Abstract: : Purpose: Protein sulfhydryls are reversibly modified by glutathione in response to oxidative stress, known as protein S–glutathionylation. Glutathione/disulfide exchange is catalyzed by the oxidoreductase glutaredoxin. To identify nuclear proteins that undergo redox–dependent S–glutathionylation and enzymatic de–glutathionylation in the retinal pigment epithelium (RPE), we pursued the identification of substrates of glutaredoxin. Methods: Selective oxidation of sulfhydryls was induced in cultured RPE cell lines (RPE–J or ARPE–19) by 5·10–4 M diamide. Nuclear proteins were isolated, treated with 2·10–6 M recombinant glutaredoxin, labeled with biotin–maleimide, purified, and identified by mass spectrometry. Sulfhydryl derivatization by mPEG–maleimide was used to determine the redox status of cysteine residues. Cellular localization and mobility of EGFP–fusion proteins were monitored using live fluorescent microscopy and fluorescence recovery after photobleaching (FRAP). Cysteine mutants were generated by PCR–based mutagenesis. Results: High mobility group protein B1 (Hmgb1), a DNA–binding structural chromosomal protein and transcriptional co–activator was identified as a substrate of glutaredoxin. Hmgb1 contains 3 cysteines, Cys23, 45, and 106 and their irreversible alkylation reduces Hmgb1 DNA binding. After oxidative stress, Cys23 and Cys45 readily form intramolecular disulfide bridge, whereas Cys106 remains in the reduced form. EGFP–tagged wild type Hmgb1 and endogenous Hmgb1 co–localized in the nucleus. Replacement of Cys23 and/or 45 with serines did not affect the nuclear distribution of the mutant proteins, while C106S and triple cysteine mutations impaired nuclear localization of Hmgb1. Intracellular mobility of Hmgb1 was severely impaired by the mutation of Cys106, but not of Cys23 or 45. Conclusions: Hmgb1 is a member of a large group of HMG–box containing transcription factors and co–activators, which include regulators of retinal development and survival.
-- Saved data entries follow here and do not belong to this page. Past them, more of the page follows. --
lemma lower_bound_of_rayleigh_ge:
  assumes H: "admissible_H p H" and p: "1 < p"
    and growth: "\<exists>c>0. \<forall>u. H u \<le> ereal c * J u"
    and R: "\<And>v. v \<noteq> 0 \<Longrightarrow> ereal lam \<le> rayleigh J H v"
  shows "ereal lam * H v \<le> J v"
proof (cases "v = 0")
  case True
  obtain c where "0 < c" "H 0 \<le> ereal c * J 0" using growth by blast
  then have "0 \<le> J 0" using admissible_H_zero[OF H] by (cases "J 0") (auto simp: zero_le_mult_iff)
  then show ?thesis using True admissible_H_zero[OF H] by simp
next
  case False
  obtain h where h: "H v = ereal h" "0 < h"
    using admissible_H_pos[OF H p False] H unfolding admissible_H_def by (cases "H v") auto
  then have "ereal lam \<le> J v / ereal h" using R[OF False] unfolding rayleigh_def by simp
  then show ?thesis using h by (simp add: ereal_le_divide_pos mult.commute)
qed

theorem lemma2p2:
  fixes J H :: "'a::banach \<Rightarrow> ereal" and p q lam :: real
  assumes refl: "reflexive_space TYPE('a)"
    and p: "1 < p" and q: "q = p / (p - 1)"
    and J: "Gamma0 J" and H: "admissible_H p H"
    and growth: "\<exists>c>0. \<forall>u. H u \<le> ereal c * J u"
    and lam: "lam > 0"
  shows "((\<forall>u. J u \<ge> ereal lam * H u) \<longleftrightarrow>
           (\<forall>z. fenchel_conj J z \<le> ereal (lam powr (1 - q)) * fenchel_conj H z))
       \<and> (\<forall>u z. p_eigenvector J H u z lam \<and> (\<forall>v. v \<noteq> 0 \<longrightarrow> ereal lam \<le> rayleigh J H v) \<longrightarrow>
           dual_rayleigh J H z = ereal (lam powr (1 - q)) \<and>
           (\<forall>w. w \<noteq> 0 \<longrightarrow> dual_rayleigh J H w \<le> ereal (lam powr (1 - q))))"
proof (intro conjI allI impI iffI)
  show "fenchel_conj J z \<le> ereal (lam powr (1 - q)) * fenchel_conj H z"
    if "\<forall>u. ereal lam * H u \<le> J u" for z
    using fenchel_conj_le_of_lower_bound[OF H p q lam] that by blast
  show "ereal lam * H u \<le> J u"
    if "\<forall>z. fenchel_conj J z \<le> ereal (lam powr (1 - q)) * fenchel_conj H z" for u
    using lower_bound_of_fenchel_conj_le[OF H p q lam] that by blast
next
  fix u z
  assume eig: "p_eigenvector J H u z lam \<and> (\<forall>v. v \<noteq> 0 \<longrightarrow> ereal lam \<le> rayleigh J H v)"
  then show "dual_rayleigh J H z = ereal (lam powr (1 - q))"
    using dual_rayleigh_eigenvector[OF H p q lam] by blast
  fix w :: "'a \<Rightarrow>\<^sub>L real"
  have "ereal lam * H v \<le> J v" for v
    using lower_bound_of_rayleigh_ge[OF H p growth] eig by blast
  then have "fenchel_conj J w \<le> ereal (lam powr (1 - q)) * fenchel_conj H w"
    by (rule fenchel_conj_le_of_lower_bound[OF H p q lam])
  then show "dual_rayleigh J H w \<le> ereal (lam powr (1 - q))"
    unfolding dual_rayleigh_def using lam
    by (intro ereal_divide_le_of_le_mult fenchel_conj_nonneg admissible_H_zero[OF H]) auto
qed

end
(* Assume (H1). (i) For every $c>0$ there exists $\gamma>0$ such that, for $n$ large enough, $$\mathbb{P}_n\big(\exists(k,j)\in I_K,\ u\in\mathbf{T}\setminus\{\emptyset\}:\ |A_{u,k,j}-\mu_k|u||\ge\gamma\sqrt{|u|\log n}\big)\le n^{-c}.$$ (ii) For every $c>0$ there exists $\gamma>0$ such that, for $n$ large enough, $$\mathbb{P}_n\big(\exists(k,j)\in I_K,\ u\in\mathbf{T},\ l\in(0,|u|]:\ |A_{u,l,k,j}-\mu_kl|\ge\gamma\sqrt{l\log n}\big)\le n^{-c}.$$
   Context: Planar trees: finite subsets $T$ of the set of finite words over $\{1,2,\dots\}$ containing the empty word $\emptyset$, with $ui\in T\Rightarrow u\in T$ and $uj\in T$ for $1\le j\le i$. $c_u(T)$ = number of children, $|u|$ = word length (depth), $d$ = graph distance; $v$ is an ancestor of $u$ if $v$ is a prefix of $u$. (H1): $\mu=(\mu_k)_{k\ge0}$ probability on $\mathbb{N}$ with $\mu_0+\mu_1\ne1$, $\sum_kk\mu_k=1$, $\sum_{k\le K}\mu_k=1$ for some integer $K>0$. $\mathbf{T}$ is a Galton–Watson tree with offspring law $\mu$ and $\mathbb{P}_n=\mathbb{P}(\cdot\mid|\mathbf{T}|=n+1)$, for $n$ with positive conditioning probability. $I_K=\{(k,j):1\le j\le k\le K\}$. $A_{u,k,j}$ is the number of strict ancestors $v$ of $u$ with $c_v=k$ such that $u$ is a descendant of (or equal to) $vj$. For $l\in\{0,\dots,|u|\}$, $A_{u,l,k,j}$ is the number of such strict ancestors $v$ (with $c_v=k$, $u$ descending from $vj$) that additionally satisfy $d(u,v)\le l$. *)

theory Defs
  imports Complex_Main
begin

definition planar_tree :: "nat list set \<Rightarrow> bool" where
  "planar_tree T \<longleftrightarrow> finite T \<and> [] \<in> T \<and> (\<forall>u\<in>T. \<forall>i\<in>set u. 1 \<le> i) \<and>
     (\<forall>u i. u @ [i] \<in> T \<longrightarrow> u \<in> T \<and> (\<forall>j. 1 \<le> j \<and> j \<le> i \<longrightarrow> u @ [j] \<in> T))"

definition nchildren :: "nat list set \<Rightarrow> nat list \<Rightarrow> nat" where
  "nchildren T u = card {i. u @ [i] \<in> T}"

text \<open>Galton--Watson probability of a given planar tree: P(T = t) = prod over u in t of mu(c_u(t)).\<close>
definition gw_weight :: "(nat \<Rightarrow> real) \<Rightarrow> nat list set \<Rightarrow> real" where
  "gw_weight \<mu> T = (\<Prod>u\<in>T. \<mu> (nchildren T u))"

definition trees_of_size :: "nat \<Rightarrow> nat list set set" where
  "trees_of_size m = {T. planar_tree T \<and> card T = m}"

text \<open>P(|T| = n+1), the conditioning probability.\<close>
definition gw_size_prob :: "(nat \<Rightarrow> real) \<Rightarrow> nat \<Rightarrow> real" where
  "gw_size_prob \<mu> n = (\<Sum>T\<in>trees_of_size (Suc n). gw_weight \<mu> T)"

text \<open>P_n(E) = P(T \<in> E | |T| = n+1).\<close>
definition cond_prob :: "(nat \<Rightarrow> real) \<Rightarrow> nat \<Rightarrow> (nat list set \<Rightarrow> bool) \<Rightarrow> real" where
  "cond_prob \<mu> n E =
     (\<Sum>T\<in>{T\<in>trees_of_size (Suc n). E T}. gw_weight \<mu> T) / gw_size_prob \<mu> n"

definition A_count :: "nat list set \<Rightarrow> nat list \<Rightarrow> nat \<Rightarrow> nat \<Rightarrow> nat" where
  "A_count T u k j = card {v. v \<in> T \<and> nchildren T v = k \<and> (\<exists>w. u = v @ j # w)}"

text \<open>A_{u,l,k,j}: same, with additionally d(u,v) \<le> l; for an ancestor v of u,
  the graph distance is d(u,v) = |u| - |v|.\<close>
definition A_count_l :: "nat list set \<Rightarrow> nat list \<Rightarrow> nat \<Rightarrow> nat \<Rightarrow> nat \<Rightarrow> nat" where
  "A_count_l T u l k j = card {v. v \<in> T \<and> nchildren T v = k \<and> (\<exists>w. u = v @ j # w)
                                 \<and> length u - length v \<le> l}"

definition H1 :: "(nat \<Rightarrow> real) \<Rightarrow> nat \<Rightarrow> bool" where
  "H1 \<mu> K \<longleftrightarrow> 0 < K \<and> (\<forall>k. 0 \<le> \<mu> k) \<and> (\<forall>k>K. \<mu> k = 0) \<and> (\<Sum>k\<le>K. \<mu> k) = 1 \<and>
     \<mu> 0 + \<mu> 1 \<noteq> 1 \<and> (\<Sum>k\<le>K. real k * \<mu> k) = 1"

end

theory Submission
  imports Defs
begin

text \<open>Conditioning on \<open>|T| = n + 1\<close> costs only a polynomial factor: a degree count close to its
  mean \<open>(n + 1) \<mu>\<close> has multinomial probability of order at least \<open>n powr -(K + 1)\<close>, and the cycle
  lemma (Kemperman's formula) turns this into \<open>P(|T| = n + 1) \<ge> E n powr -(K + 2)\<close>. Without
  conditioning, the many-to-one formula bounds the expected number of vertices \<open>u\<close> at height \<open>h\<close> whose
  ancestral marks \<open>(c\<^sub>v, j)\<close> are atypical by the probability that \<open>h\<close> i.i.d.\ marks, each equal to
  \<open>(k, j)\<close> with probability \<open>\<mu> k\<close>, are atypical; Chernoff's bound makes this at most
  \<open>2 n powr -(\<gamma>\<^sup>2 / 4)\<close>. A union bound over \<open>k, j, |u|, l \<le> n\<close> and a large \<open>\<gamma>\<close> give (ii);
  (i) is the case \<open>l = |u|\<close>.\<close>


lemma prod_list_map_conv_prod_nth: "prod_list (map f xs) = (\<Prod>i<length xs. f (xs ! i))"
  by (induction xs) (simp_all del: prod.lessThan_Suc add: prod.lessThan_Suc_shift)

lemma planar_tree_take:
  assumes "planar_tree T" "u \<in> T" shows "take t u \<in> T"
  using assms(2)
proof (induction u arbitrary: t rule: rev_induct)
  case Nil then show ?case by simp
next
  case (snoc x xs)
  have "xs \<in> T" using assms(1) snoc.prems unfolding planar_tree_def by blast
  then show ?case using snoc by (cases "t \<le> length xs") simp_all
qed

lemma planar_tree_children:
  assumes "planar_tree T" shows "{i. u @ [i] \<in> T} = {1..nchildren T u}"
proof -
  let ?A = "{i. u @ [i] \<in> T}"
  have "inj_on (\<lambda>i. u @ [i]) ?A" "(\<lambda>i. u @ [i]) ` ?A \<subseteq> T" by (auto simp: inj_on_def)
  then have "finite ?A" using assms unfolding planar_tree_def by (meson finite_imageD finite_subset)
  show ?thesis
  proof (cases "?A = {}")
    case True then show ?thesis by (simp add: nchildren_def)
  next
    case False
    define m where "m = Max ?A"
    have mA: "m \<in> ?A" using \<open>finite ?A\<close> False m_def Max_in by blast
    have "?A \<subseteq> {1..m}"
    proof
      fix i assume i: "i \<in> ?A"
      then have "1 \<le> i" using assms unfolding planar_tree_def by fastforce
      moreover have "i \<le> m" using Max_ge[OF \<open>finite ?A\<close> i] m_def by simp
      ultimately show "i \<in> {1..m}" by simp
    qed
    moreover have "\<forall>j. 1 \<le> j \<and> j \<le> m \<longrightarrow> u @ [j] \<in> T"
      using mA assms unfolding planar_tree_def by blast
    ultimately have "?A = {1..m}" by auto
    then show ?thesis by (simp add: nchildren_def)
  qed
qed

lemma planar_tree_child_iff:
  assumes "planar_tree T" shows "u @ [i] \<in> T \<longleftrightarrow> 1 \<le> i \<and> i \<le> nchildren T u"
  using planar_tree_children[OF assms, of u] by (metis atLeastAtMost_iff mem_Collect_eq)

lemma nth_le_nchildren:
  assumes "planar_tree T" "u \<in> T" "t < length u" shows "u ! t \<le> nchildren T (take t u)"
proof -
  have "take t u @ [u ! t] \<in> T"
    using planar_tree_take[OF assms(1,2), of "Suc t"] assms(3) by (simp add: take_Suc_conv_app_nth)
  then show ?thesis using planar_tree_child_iff[OF assms(1)] by blast
qed

lemma length_lt_card:
  assumes "planar_tree T" "u \<in> T" shows "length u < card T"
proof -
  have "(\<lambda>t. take t u) ` {..length u} \<subseteq> T" using planar_tree_take[OF assms] by auto
  then have "card ((\<lambda>t. take t u) ` {..length u}) \<le> card T"
    using assms(1) by (intro card_mono) (auto simp: planar_tree_def)
  moreover have "inj_on (\<lambda>t. take t u) {..length u}"
    by (rule inj_onI) (metis atMost_iff length_take min.absorb2)
  ultimately show ?thesis using card_image by fastforce
qed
Hmgb1 and its homologue Hmgb2 are the only HMG–box proteins that contain cysteines which may be targets of reversible protein S–glutathionylation. Cys23 and 45 appear to confer redox–sensitivity to Hmgb1 by inducing conformational and functional changes in response to oxidative stress. Cys106 appears to govern the nucleocytoplasmic shuttling of Hmgb1.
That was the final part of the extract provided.